### PROBLEM TO SOLVE
The answer should consist of each line from the data below that includes "auto".

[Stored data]
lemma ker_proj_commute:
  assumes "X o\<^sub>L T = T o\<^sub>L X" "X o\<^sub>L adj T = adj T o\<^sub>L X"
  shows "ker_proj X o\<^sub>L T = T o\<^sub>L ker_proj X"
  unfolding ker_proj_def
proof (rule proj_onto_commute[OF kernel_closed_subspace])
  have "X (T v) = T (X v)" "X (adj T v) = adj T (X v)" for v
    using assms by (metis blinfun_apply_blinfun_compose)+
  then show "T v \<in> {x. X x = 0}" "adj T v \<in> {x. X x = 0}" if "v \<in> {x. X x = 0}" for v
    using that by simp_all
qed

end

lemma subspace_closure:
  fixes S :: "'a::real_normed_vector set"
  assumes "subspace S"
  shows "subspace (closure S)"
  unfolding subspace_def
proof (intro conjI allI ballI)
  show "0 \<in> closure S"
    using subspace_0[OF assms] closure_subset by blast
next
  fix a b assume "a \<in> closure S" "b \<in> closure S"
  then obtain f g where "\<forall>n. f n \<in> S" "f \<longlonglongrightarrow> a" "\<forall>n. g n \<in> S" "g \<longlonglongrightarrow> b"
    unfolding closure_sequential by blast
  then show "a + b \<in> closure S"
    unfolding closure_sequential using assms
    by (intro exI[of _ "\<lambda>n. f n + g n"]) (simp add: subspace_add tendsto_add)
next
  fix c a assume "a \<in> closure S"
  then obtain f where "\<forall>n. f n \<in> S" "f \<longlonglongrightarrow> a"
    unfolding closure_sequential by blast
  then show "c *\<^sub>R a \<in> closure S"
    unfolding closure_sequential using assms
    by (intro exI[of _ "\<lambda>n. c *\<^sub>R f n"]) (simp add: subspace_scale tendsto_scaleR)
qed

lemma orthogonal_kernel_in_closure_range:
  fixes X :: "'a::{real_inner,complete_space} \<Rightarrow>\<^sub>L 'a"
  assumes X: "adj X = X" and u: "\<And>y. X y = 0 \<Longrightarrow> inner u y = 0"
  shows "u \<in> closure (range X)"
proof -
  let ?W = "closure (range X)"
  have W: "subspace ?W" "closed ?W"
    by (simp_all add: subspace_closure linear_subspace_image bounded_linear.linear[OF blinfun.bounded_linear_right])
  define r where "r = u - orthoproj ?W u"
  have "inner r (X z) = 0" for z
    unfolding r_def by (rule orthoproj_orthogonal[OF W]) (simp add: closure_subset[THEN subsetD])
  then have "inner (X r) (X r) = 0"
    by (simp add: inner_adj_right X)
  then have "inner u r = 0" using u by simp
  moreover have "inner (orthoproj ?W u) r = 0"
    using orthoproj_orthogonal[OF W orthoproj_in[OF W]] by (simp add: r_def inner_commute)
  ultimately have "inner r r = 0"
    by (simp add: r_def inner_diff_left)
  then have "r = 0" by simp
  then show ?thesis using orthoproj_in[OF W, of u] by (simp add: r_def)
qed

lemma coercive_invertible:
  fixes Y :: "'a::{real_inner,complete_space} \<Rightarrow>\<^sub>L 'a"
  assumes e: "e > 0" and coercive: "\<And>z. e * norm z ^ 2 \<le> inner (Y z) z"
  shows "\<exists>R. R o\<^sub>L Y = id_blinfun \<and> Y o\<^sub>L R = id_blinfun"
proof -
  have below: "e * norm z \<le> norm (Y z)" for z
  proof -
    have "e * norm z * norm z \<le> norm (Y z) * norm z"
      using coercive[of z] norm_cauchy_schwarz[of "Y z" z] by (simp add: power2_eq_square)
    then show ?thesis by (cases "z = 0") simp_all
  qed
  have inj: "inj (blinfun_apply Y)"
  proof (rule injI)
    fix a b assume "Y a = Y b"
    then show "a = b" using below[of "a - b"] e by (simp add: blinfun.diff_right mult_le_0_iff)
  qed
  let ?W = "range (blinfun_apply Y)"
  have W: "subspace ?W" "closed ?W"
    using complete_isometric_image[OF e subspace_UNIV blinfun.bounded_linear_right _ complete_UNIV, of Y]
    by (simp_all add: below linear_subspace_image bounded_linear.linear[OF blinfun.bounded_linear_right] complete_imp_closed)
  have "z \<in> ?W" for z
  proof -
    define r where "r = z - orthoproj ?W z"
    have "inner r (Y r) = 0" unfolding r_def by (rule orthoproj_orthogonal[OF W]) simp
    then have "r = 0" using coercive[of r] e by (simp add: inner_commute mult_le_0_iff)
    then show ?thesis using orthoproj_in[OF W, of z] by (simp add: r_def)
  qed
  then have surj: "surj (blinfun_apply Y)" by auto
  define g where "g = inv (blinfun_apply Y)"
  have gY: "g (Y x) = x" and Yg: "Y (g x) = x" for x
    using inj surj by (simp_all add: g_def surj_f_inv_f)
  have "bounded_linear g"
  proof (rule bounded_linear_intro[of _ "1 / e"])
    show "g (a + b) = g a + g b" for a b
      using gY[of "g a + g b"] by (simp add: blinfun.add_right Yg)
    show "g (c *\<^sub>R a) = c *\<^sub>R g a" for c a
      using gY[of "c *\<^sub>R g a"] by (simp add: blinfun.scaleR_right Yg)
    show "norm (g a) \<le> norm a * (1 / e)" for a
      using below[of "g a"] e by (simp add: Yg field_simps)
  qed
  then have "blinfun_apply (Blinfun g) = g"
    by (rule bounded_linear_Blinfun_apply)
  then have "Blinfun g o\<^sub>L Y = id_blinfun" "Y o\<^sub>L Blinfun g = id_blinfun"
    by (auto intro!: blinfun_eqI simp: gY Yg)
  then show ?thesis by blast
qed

### TASK RESULT
  then have surj: "surj (blinfun_apply Y)" by auto
    by (auto intro!: blinfun_eqI simp: gY Yg)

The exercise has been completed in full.